Saved entries
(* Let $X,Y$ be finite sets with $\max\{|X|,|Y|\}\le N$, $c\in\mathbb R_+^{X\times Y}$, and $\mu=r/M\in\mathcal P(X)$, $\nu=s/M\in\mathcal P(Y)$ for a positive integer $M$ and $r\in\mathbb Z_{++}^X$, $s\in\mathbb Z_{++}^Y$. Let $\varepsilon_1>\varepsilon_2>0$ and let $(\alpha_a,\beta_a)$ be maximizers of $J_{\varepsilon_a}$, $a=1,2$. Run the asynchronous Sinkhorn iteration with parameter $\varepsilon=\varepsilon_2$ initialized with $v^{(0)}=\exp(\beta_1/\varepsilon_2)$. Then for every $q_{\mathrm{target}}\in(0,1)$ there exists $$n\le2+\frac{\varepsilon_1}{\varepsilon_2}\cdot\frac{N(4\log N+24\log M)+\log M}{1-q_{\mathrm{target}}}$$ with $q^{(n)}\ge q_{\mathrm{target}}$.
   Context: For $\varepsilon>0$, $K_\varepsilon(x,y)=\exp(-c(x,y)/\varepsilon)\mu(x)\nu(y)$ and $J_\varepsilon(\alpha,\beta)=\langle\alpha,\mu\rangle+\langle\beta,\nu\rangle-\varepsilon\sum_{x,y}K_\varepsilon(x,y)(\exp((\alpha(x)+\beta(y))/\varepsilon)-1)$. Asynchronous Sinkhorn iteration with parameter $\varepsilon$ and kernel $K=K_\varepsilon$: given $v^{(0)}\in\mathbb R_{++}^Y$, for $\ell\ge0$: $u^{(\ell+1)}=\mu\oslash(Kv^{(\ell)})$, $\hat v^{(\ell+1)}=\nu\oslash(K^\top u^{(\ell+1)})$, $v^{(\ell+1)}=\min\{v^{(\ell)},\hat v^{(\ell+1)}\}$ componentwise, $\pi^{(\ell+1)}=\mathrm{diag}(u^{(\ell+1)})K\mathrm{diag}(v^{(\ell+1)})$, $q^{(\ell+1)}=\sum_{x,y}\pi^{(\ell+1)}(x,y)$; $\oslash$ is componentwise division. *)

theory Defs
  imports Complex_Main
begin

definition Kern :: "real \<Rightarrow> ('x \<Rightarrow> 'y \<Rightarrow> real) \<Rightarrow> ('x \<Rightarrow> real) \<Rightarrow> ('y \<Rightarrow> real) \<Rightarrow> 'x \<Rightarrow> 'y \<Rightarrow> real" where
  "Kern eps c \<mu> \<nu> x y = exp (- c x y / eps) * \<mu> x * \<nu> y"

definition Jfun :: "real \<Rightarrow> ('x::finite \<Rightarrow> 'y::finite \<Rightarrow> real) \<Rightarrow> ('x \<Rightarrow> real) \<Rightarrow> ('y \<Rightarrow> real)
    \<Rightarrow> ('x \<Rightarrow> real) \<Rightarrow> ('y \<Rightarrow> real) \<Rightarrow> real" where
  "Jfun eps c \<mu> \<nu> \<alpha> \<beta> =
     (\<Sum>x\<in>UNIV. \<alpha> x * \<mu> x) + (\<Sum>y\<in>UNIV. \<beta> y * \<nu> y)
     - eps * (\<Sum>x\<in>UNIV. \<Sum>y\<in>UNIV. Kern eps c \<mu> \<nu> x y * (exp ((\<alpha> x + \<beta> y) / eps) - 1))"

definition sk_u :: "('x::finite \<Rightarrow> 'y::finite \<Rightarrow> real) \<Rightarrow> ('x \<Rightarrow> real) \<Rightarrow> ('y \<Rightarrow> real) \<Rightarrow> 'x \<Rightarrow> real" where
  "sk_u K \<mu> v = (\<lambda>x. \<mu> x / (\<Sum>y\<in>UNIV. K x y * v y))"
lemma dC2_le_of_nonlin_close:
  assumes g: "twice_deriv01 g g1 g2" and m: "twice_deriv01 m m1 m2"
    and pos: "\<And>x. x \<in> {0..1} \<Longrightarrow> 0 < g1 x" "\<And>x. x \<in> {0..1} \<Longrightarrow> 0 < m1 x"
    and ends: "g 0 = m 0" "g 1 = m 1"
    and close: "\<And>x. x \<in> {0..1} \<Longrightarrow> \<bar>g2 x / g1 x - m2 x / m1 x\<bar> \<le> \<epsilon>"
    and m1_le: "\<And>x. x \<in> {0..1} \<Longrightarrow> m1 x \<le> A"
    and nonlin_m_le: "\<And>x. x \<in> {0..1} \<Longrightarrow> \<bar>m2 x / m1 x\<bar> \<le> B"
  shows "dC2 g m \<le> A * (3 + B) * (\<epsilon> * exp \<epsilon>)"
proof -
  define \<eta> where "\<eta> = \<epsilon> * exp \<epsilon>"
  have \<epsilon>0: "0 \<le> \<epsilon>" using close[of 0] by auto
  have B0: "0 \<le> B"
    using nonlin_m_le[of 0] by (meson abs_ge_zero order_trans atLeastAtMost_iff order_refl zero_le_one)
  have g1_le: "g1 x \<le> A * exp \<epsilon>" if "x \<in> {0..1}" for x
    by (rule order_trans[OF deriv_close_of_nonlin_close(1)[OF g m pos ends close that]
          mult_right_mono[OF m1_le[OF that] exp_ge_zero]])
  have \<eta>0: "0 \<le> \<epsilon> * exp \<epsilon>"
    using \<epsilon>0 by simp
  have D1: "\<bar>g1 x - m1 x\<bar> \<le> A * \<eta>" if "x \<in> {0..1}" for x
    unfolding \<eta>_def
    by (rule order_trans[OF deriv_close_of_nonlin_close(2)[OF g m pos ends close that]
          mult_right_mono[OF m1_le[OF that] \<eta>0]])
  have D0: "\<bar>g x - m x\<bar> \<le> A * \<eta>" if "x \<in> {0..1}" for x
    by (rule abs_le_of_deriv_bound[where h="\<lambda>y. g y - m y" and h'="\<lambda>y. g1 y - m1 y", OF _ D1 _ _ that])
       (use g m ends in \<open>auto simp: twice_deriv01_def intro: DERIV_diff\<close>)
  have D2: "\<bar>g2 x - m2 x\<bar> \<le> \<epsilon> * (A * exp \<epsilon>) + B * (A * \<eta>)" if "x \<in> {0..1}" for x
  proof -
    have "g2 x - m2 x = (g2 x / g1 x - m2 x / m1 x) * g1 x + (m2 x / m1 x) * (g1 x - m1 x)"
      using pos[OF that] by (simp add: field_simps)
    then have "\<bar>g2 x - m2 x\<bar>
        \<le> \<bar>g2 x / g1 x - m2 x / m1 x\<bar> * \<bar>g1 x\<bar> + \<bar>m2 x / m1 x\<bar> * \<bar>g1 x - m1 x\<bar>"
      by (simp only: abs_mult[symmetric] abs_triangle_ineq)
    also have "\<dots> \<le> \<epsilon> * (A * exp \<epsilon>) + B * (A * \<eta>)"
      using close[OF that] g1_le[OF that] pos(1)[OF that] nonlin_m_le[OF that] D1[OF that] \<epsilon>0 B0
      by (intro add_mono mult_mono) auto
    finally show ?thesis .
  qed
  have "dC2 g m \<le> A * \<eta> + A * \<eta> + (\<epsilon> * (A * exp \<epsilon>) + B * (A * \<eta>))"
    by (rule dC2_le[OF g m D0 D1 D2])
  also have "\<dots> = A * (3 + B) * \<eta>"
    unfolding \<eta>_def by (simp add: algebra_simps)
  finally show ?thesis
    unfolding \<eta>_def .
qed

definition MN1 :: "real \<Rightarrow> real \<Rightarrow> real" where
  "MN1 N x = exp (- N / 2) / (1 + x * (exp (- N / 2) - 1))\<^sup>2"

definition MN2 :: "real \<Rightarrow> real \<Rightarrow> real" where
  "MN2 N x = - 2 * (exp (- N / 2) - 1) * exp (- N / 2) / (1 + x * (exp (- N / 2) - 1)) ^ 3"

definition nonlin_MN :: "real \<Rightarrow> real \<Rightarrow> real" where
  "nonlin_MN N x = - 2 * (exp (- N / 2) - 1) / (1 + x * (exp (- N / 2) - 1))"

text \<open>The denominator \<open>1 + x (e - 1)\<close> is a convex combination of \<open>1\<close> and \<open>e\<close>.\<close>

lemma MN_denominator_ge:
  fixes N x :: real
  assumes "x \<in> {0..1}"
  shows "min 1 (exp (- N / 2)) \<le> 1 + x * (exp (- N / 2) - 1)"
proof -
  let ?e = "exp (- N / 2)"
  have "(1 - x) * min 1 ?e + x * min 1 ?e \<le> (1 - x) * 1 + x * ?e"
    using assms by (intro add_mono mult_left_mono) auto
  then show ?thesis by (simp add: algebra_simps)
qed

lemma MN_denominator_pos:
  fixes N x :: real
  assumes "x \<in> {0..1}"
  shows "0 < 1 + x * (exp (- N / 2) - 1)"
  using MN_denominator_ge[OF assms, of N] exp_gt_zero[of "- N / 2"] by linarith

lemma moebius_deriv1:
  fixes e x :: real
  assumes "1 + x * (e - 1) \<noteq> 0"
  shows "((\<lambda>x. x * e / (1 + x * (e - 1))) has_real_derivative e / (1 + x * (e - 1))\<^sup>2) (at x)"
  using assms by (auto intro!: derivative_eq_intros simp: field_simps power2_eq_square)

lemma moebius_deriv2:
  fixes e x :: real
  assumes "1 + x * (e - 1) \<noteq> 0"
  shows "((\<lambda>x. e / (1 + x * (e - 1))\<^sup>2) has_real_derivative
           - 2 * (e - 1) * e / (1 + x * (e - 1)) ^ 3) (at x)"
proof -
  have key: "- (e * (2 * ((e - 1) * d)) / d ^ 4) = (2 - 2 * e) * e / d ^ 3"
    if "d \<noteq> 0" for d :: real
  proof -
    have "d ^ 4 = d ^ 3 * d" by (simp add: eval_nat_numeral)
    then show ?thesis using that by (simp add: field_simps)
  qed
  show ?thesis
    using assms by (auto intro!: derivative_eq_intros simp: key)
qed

Task item
Only the lines from the one that contains "text \<open>The denominator" to the end of the data should be output, exactly as they appear.

Answer to this exercise
text \<open>The denominator \<open>1 + x (e - 1)\<close> is a convex combination of \<open>1\<close> and \<open>e\<close>.\<close>

lemma MN_denominator_ge:
  fixes N x :: real
  assumes "x \<in> {0..1}"
  shows "min 1 (exp (- N / 2)) \<le> 1 + x * (exp (- N / 2) - 1)"
proof -
  let ?e = "exp (- N / 2)"
  have "(1 - x) * min 1 ?e + x * min 1 ?e \<le> (1 - x) * 1 + x * ?e"
    using assms by (intro add_mono mult_left_mono) auto
  then show ?thesis by (simp add: algebra_simps)
qed

lemma MN_denominator_pos:
  fixes N x :: real
  assumes "x \<in> {0..1}"
  shows "0 < 1 + x * (exp (- N / 2) - 1)"
  using MN_denominator_ge[OF assms, of N] exp_gt_zero[of "- N / 2"] by linarith

lemma moebius_deriv1:
  fixes e x :: real
  assumes "1 + x * (e - 1) \<noteq> 0"
  shows "((\<lambda>x. x * e / (1 + x * (e - 1))) has_real_derivative e / (1 + x * (e - 1))\<^sup>2) (at x)"
  using assms by (auto intro!: derivative_eq_intros simp: field_simps power2_eq_square)

lemma moebius_deriv2:
  fixes e x :: real
  assumes "1 + x * (e - 1) \<noteq> 0"
  shows "((\<lambda>x. e / (1 + x * (e - 1))\<^sup>2) has_real_derivative
           - 2 * (e - 1) * e / (1 + x * (e - 1)) ^ 3) (at x)"
proof -
  have key: "- (e * (2 * ((e - 1) * d)) / d ^ 4) = (2 - 2 * e) * e / d ^ 3"
    if "d \<noteq> 0" for d :: real
  proof -
    have "d ^ 4 = d ^ 3 * d" by (simp add: eval_nat_numeral)
    then show ?thesis using that by (simp add: field_simps)
  qed
  show ?thesis
    using assms by (auto intro!: derivative_eq_intros simp: key)
qed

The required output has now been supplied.